Note that Type 3 SS are invariant to the order of predictors: We get the same when we switch around our predictors:
# mymod2 <- lm(LOC ~ optimism + ES, data = usmrsurv2)
drop1(mymod2, test = "F")
## Single term deletions
##
## Model:
## LOC ~ optimism + ES
## Df Sum of Sq RSS AIC F value Pr(>F)
## <none> 844 160
## optimism 1 16.8 861 159 1.07 0.305
## ES 1 99.6 944 164 6.37 0.015 *
## ---
## Signif. codes: 0 '***' 0.001 '**' 0.01 '*' 0.05 '.' 0.1 ' ' 1
Remember that we mentioned when we introduced the simple regression model (one predictor), the \(t\)-statistic for the coefficient test is the square root of the \(F\)-statistic for the test of the overall reduction in the residual sums of squares?
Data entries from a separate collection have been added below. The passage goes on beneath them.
lemma sq_norm_nonneg: "sq_norm X k h \<ge> 0"
  unfolding sq_norm_def by (simp add: sum_nonneg)

lemma sq_norm_up:
  assumes X: "finite X" and k: "k \<ge> 1"
  shows "sq_norm X (Suc k) (up X k g)
       = sq_norm X (k - 1) (down X k g) + (real (card X) - 2 * real k) * sq_norm X k g"
proof -
  have "sq_norm X (Suc k) (up X k g) = (\<Sum>T\<in>k_subsets X k. g T * down X (Suc k) (up X k g) T)"
    unfolding sq_norm_def power2_eq_square by (rule up_down_adjoint[OF X, symmetric])
  also have "\<dots> = (\<Sum>T\<in>k_subsets X k.
      up X (k - 1) (down X k g) T * g T + (real (card X) - 2 * real k) * (g T)\<^sup>2)"
    by (intro sum.cong refl) (simp add: down_up_commute[OF X _ k] algebra_simps power2_eq_square)
  also have "\<dots> = sq_norm X (k - 1) (down X k g) + (real (card X) - 2 * real k) * sq_norm X k g"
    unfolding sq_norm_def power2_eq_square
    by (simp add: sum.distrib sum_distrib_left up_down_adjoint[OF X, symmetric])
  finally show ?thesis .
qed

lemma down_down:
  assumes X: "finite X" and T: "T \<subseteq> X" "card T \<le> r"
  shows "down X r (down X k h) T = real ((k - card T) choose (r - card T)) * down X k h T"
proof -
  have "down X r (down X k h) T
      = (\<Sum>S\<in>k_subsets X k. real (card {R\<in>k_subsets X r. T \<subseteq> R \<and> R \<subseteq> S}) * h S)"
    unfolding down_def using X by (intro sum_if_sum_if_eq_sum_card) auto
  also have "\<dots> = (\<Sum>S\<in>k_subsets X k.
      real ((k - card T) choose (r - card T)) * (if T \<subseteq> S then h S else 0))"
  proof (intro sum.cong refl)
    fix S assume S: "S \<in> k_subsets X k"
    show "real (card {R\<in>k_subsets X r. T \<subseteq> R \<and> R \<subseteq> S}) * h S
        = real ((k - card T) choose (r - card T)) * (if T \<subseteq> S then h S else 0)"
    proof (cases "T \<subseteq> S")
      case True
      have "{R\<in>k_subsets X r. T \<subseteq> R \<and> R \<subseteq> S} = {R\<in>k_subsets S r. T \<subseteq> R}"
        using k_subsetsD[OF X S] unfolding k_subsets_def by auto
      then show ?thesis
        using True card_k_subsets_supersets[OF k_subsetsD(3)[OF X S] True T(2)] k_subsetsD[OF X S]
        by simp
    next
      case False
      then have "{R\<in>k_subsets X r. T \<subseteq> R \<and> R \<subseteq> S} = {}" by blast
      then have "card {R\<in>k_subsets X r. T \<subseteq> R \<and> R \<subseteq> S} = 0" by (simp only: card.empty)
      then show ?thesis using False by simp
    qed
  qed
  also have "\<dots> = real ((k - card T) choose (r - card T)) * down X k h T"
    unfolding down_def by (simp add: sum_distrib_left)
  finally show ?thesis .
qed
This does still hold for the multiple regression model, but it is a little more complicated. For a given coefficient \(t\)-statistic in a multiple regression model, the associated \(F\)-statistic is the one corresponding to the reduction in residual sums of squares that is attributable to that predictor only. This, in other words, is the Type 3 \(F\)-statistic.
Here are our model coefficients and \(t\)-statistics:
# mymod1 <- lm(LOC ~ optimism + ES, data = usmrsurv2)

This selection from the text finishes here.